What should Ohio Employers be considering in light of this decision?
Employers should be reviewing their benefit plan documents, employee handbooks and other statements of policy to ensure that the definition of “marriage” and/or “spouse” is gender-neutral and does not use terms such and “husband” or “wife” or use the corresponding pronouns of “his” and/or “her”. Employers should also ensure that the procedures used to verify marital status for the purpose of benefit coverage do not inadvertently discriminate against same-sex marriage. Employers should now require both same-sex and opposite-sex spouses to verify marital status and avoid requesting verification of marital status only to those who are in a same-sex marriage.
In addition to removing non-gender-neutral language from all of its policies and benefit plan documents, employers in Ohio should consider that Ohio’s “mini-COBRA” law, which applies to Ohio employers who have at least 2 employees but less than 20, is now formally extended to employees who choose to marry under the laws of any state. This means that employees residing in Ohio, who are legally married under the laws of another state or newly married under what is now law in all states, are now eligible to continue health benefit coverage after involuntary termination of employment (barring gross misconduct) under Ohio law, with certain provisions.

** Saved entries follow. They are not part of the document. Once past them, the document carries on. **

lemma emeasure_vector_measure:
  assumes "B \<in> A"
  shows "emeasure (vector_measure X A P h) B = ennreal ((norm (P B h))\<^sup>2)"
proof -
  have additive: "countably_additive A (\<lambda>B. ennreal (Re (cinner (P B h) h)))"
    unfolding countably_additive_def
  proof (intro allI impI)
    fix F :: "nat \<Rightarrow> 'p set" assume F: "range F \<subseteq> A" "disjoint_family F" "(\<Union>i. F i) \<in> A"
    have sums: "(\<lambda>i. Re (cinner (P (F i) h) h)) sums Re (cinner (P (\<Union>i. F i) h) h)"
      by (rule sums_Re_cinner[OF P_sums[OF F(1,2)]])
    have "0 \<le> Re (cinner (P (F i) h) h)" for i
      unfolding Re_cinner_P[OF range_subsetD[OF F(1)]] by (rule zero_le_power2)
    then have "(\<Sum>i. ennreal (Re (cinner (P (F i) h) h))) = ennreal (\<Sum>i. Re (cinner (P (F i) h) h))"
      by (rule suminf_ennreal2[OF _ sums_summable[OF sums]])
    then show "(\<Sum>i. ennreal (Re (cinner (P (F i) h) h))) = ennreal (Re (cinner (P (\<Union>i. F i) h) h))"
      by (simp only: sums_unique[OF sums])
  qed
  have "positive A (\<lambda>B. ennreal (Re (cinner (P B h) h)))"
    by (simp add: positive_def)
  then have "emeasure (vector_measure X A P h) B = ennreal (Re (cinner (P B h) h))"
    unfolding vector_measure_def by (rule emeasure_measure_of_sigma[OF sigma_algebra_A _ additive assms])
  then show ?thesis by (simp only: Re_cinner_P[OF assms])
qed

lemma sets_vector_measure [simp]: "sets (vector_measure X A P h) = A"
  unfolding vector_measure_def sets_measure_of[OF space_closed] by (rule sigma_sets_eq)

lemma space_vector_measure [simp]: "space (vector_measure X A P h) = X"
  unfolding vector_measure_def space_measure_of[OF space_closed] ..

lemma finite_measure_vector_measure: "finite_measure (vector_measure X A P h)"
  by (rule finite_measureI) (simp add: emeasure_vector_measure)

lemma measure_vector_measure:
  "B \<in> A \<Longrightarrow> measure (vector_measure X A P h) B = (norm (P B h))\<^sup>2"
  by (simp add: measure_def emeasure_vector_measure)

lemma P_decseq_tendsto:
  assumes B: "range B \<subseteq> A" "decseq B"
  shows "(\<lambda>n. P (B n) h) \<longlonglongrightarrow> P (\<Inter>n. B n) h"
proof -
  define D where "D n = B n - (\<Inter>n. B n)" for n
  have B_A: "B n \<in> A" for n using B(1) by (simp add: image_subset_iff)
  have Inter_B: "(\<Inter>n. B n) \<in> A" by (rule countable_INT) (simp_all add: B(1))
  have D: "D n \<in> A" for n unfolding D_def using B_A Inter_B by (rule Diff)
  have "decseq D" using B(2) unfolding D_def decseq_def by (simp add: Diff_mono)
  moreover have "(\<Inter>n. D n) = {}" unfolding D_def by simp
  \<comment> \<open>continuity from above of the finite measure \<open>B \<mapsto> \<parallel>P(B)h\<parallel>\<^sup>2\<close>\<close>
  ultimately have "(\<lambda>n. measure (vector_measure X A P h) (D n)) \<longlonglongrightarrow> 0"
    using finite_measure.finite_Lim_measure_decseq[OF finite_measure_vector_measure, of D h] D
    by (simp add: image_subset_iff)
  then have "(\<lambda>n. norm (P (D n) h)) \<longlonglongrightarrow> 0"
    by (simp add: measure_vector_measure[OF D])
  then have "(\<lambda>n. P (D n) h) \<longlonglongrightarrow> 0"
    by (rule tendsto_norm_zero_cancel)
  then have "(\<lambda>n. P (D n) h + P (\<Inter>n. B n) h) \<longlonglongrightarrow> 0 + P (\<Inter>n. B n) h"
    by (rule tendsto_add) simp
  moreover have "P (B n) h = P (D n) h + P (\<Inter>n. B n) h" for n
    using P_Diff[OF B_A Inter_B, of n h] unfolding D_def by (simp add: INT_lower)
  ultimately show ?thesis by simp
qed

lemma countable_atoms:
  assumes "separable_hspace TYPE('h)" and atoms: "\<And>x. x \<in> \<Omega> \<Longrightarrow> {x} \<in> A \<and> P {x} \<noteq> zero_op"
  shows "countable \<Omega>"
proof -
  obtain D :: "'h set" where D: "countable D" "closure D = UNIV"
    using assms(1) unfolding separable_hspace_def by blast
  have "\<Omega> \<subseteq> (\<Union>h\<in>D. {x. measure (vector_measure X A P h) {x} \<noteq> 0})"
  proof
    fix x assume x: "x \<in> \<Omega>"
    have "\<exists>h\<in>D. P {x} h \<noteq> 0"
    proof (rule ccontr)
      assume none: "\<not> (\<exists>h\<in>D. P {x} h \<noteq> 0)"
      have "P {x} h = 0" for h
      proof (rule continuous_constant_on_closure[of D "P {x}" 0 h])
        show "continuous_on (closure D) (P {x})"
          using atoms[OF x] by (intro linear_continuous_on bounded_linear_P) simp
        show "P {x} y = 0" if "y \<in> D" for y using none that by blast
        show "h \<in> closure D" using D(2) by simp
      qed
      then have "P {x} = zero_op" unfolding zero_op_def by (rule ext)
      then show False using atoms[OF x] by simp
    qed
    then obtain h where "h \<in> D" "P {x} h \<noteq> 0" ..
    moreover have "measure (vector_measure X A P h) {x} = (norm (P {x} h))\<^sup>2"
      using atoms[OF x] by (simp add: measure_vector_measure)
    ultimately show "x \<in> (\<Union>h\<in>D. {x. measure (vector_measure X A P h) {x} \<noteq> 0})"
      by (intro UN_I[of h]) simp_all
  qed
  moreover have "countable (\<Union>h\<in>D. {x. measure (vector_measure X A P h) {x} \<noteq> 0})"
    by (rule Countable_Set.countable_UN[OF D(1)])
      (rule finite_measure.countable_support[OF finite_measure_vector_measure])
  ultimately show ?thesis by (rule countable_subset)
qed

lemma exists_atom_vectors:
  assumes atoms: "\<And>x. x \<in> \<Omega> \<Longrightarrow> {x} \<in> A \<and> P {x} \<noteq> zero_op"
  shows "\<exists>v. \<forall>x\<in>\<Omega>. v x \<noteq> 0 \<and> (\<forall>y\<in>\<Omega>. P {y} (v x) = (if x = y then v x else 0))"
proof -
  define u where "u x = (SOME u. P {x} u \<noteq> 0)" for x
  have u: "P {x} (u x) \<noteq> 0" if "x \<in> \<Omega>" for x
    unfolding u_def by (rule someI_ex) (use atoms[OF that] in \<open>simp add: zero_op_def fun_eq_iff\<close>)
  have "P {y} (P {x} (u x)) = (if x = y then P {x} (u x) else 0)" if "x \<in> \<Omega>" "y \<in> \<Omega>" for x y
    using P_Int[of "{y}" "{x}" "u x"] atoms[OF that(1)] atoms[OF that(2)]
    by (cases "x = y") simp_all
  with u show ?thesis by (intro exI[of _ "\<lambda>x. P {x} (u x)"]) simp
qed

lemma exists_vector_nonzero_on_atoms:
  assumes "countable \<Omega>" and atoms: "\<And>x. x \<in> \<Omega> \<Longrightarrow> {x} \<in> A \<and> P {x} \<noteq> zero_op"
  shows "\<exists>\<xi>. \<forall>x\<in>\<Omega>. P {x} \<xi> \<noteq> 0"
proof (cases "\<Omega> = {}")
  case True
  then show ?thesis by simp
next
  case False
  define e where "e = from_nat_into \<Omega>"
  have e: "e n \<in> \<Omega>" for n using False unfolding e_def by (rule from_nat_into)
  obtain v where v: "\<And>x. x \<in> \<Omega> \<Longrightarrow> v x \<noteq> 0"
    and P_v: "\<And>x y. x \<in> \<Omega> \<Longrightarrow> y \<in> \<Omega> \<Longrightarrow> P {y} (v x) = (if x = y then v x else 0)"
    using exists_atom_vectors[OF atoms] by metis
  define a where "a n = (1/2)^n / norm (v (e n))" for n
  define \<xi> where "\<xi> = (\<Sum>n. a n *\<^sub>R v (e n))"
  have "norm (a n *\<^sub>R v (e n)) = (1/2)^n" for n
    using v[OF e] unfolding a_def by simp
  then have summable: "summable (\<lambda>n. a n *\<^sub>R v (e n))"
    by (intro summable_norm_cancel[of "\<lambda>n. a n *\<^sub>R v (e n)"]) (simp add: summable_geometric)
  have "P {x} \<xi> \<noteq> 0" if x: "x \<in> \<Omega>" for x
  proof -
    have x_A: "{x} \<in> A" using atoms[OF x] ..
    define g where "g n = (if e n = x then a n else 0)" for n
    have "summable (\<lambda>n. (1/2)^n / norm (v x))"
      by (rule summable_divide) (simp add: summable_geometric)
    then have summable_g: "summable g"
      by (rule summable_comparison_test'[where N = 0]) (simp add: g_def a_def)
    have "P {x} \<xi> = (\<Sum>n. P {x} (a n *\<^sub>R v (e n)))"
      unfolding \<xi>_def by (rule bounded_linear.suminf[OF bounded_linear_P[OF x_A] summable])
    also have "\<dots> = (\<Sum>n. g n *\<^sub>R v x)"
      by (intro arg_cong[where f = suminf] ext) (simp add: P_scaleR[OF x_A] P_v[OF e x] g_def)
    also have "\<dots> = (\<Sum>n. g n) *\<^sub>R v x"
      by (rule suminf_scaleR_left[OF summable_g, symmetric])
    finally have P_\<xi>: "P {x} \<xi> = (\<Sum>n. g n) *\<^sub>R v x" .
    obtain i where "e i = x"
      using x range_from_nat_into[OF False assms(1)] unfolding e_def by (metis rangeE)
    then have "0 < (\<Sum>n. g n)"
      using v[OF x] by (intro suminf_pos2[OF summable_g, where i = i]) (simp_all add: g_def a_def)
    then show ?thesis using P_\<xi> v[OF x] by simp
  qed
  then show ?thesis by blast
qed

Employee benefit plan administrators under a group plan must now identify which of their employees are currently married under the laws of another state and/or are now legally married under the new law of the land, which provides for universal recognition of same-sex marriage. Employers should identify those benefit plans and policies which now have the potential to be impacted by this issue. Employers should understand that this is a legal compliance issue, and not merely a question of simply beginning to offer employee benefits to those employees who are part of same-sex marriages. Employers who previously offered domestic partnership benefits will now have the opportunity to consider the cost savings potential of discontinuing domestic partnership benefits in light of the new law, as well as whether to provide a grace period to employees currently receiving benefits under a domestic partnership policy, giving time for those employees to marry prior to losing coverage.
If you have questions or desire a consultation to discuss the impact of this decision on your business, please call 937-223-1130 email Kristina Curry email@example.com or Matt Stokely firstname.lastname@example.org of Pickrel, Schaeffer & Ebeling’s Labor and Employment law group.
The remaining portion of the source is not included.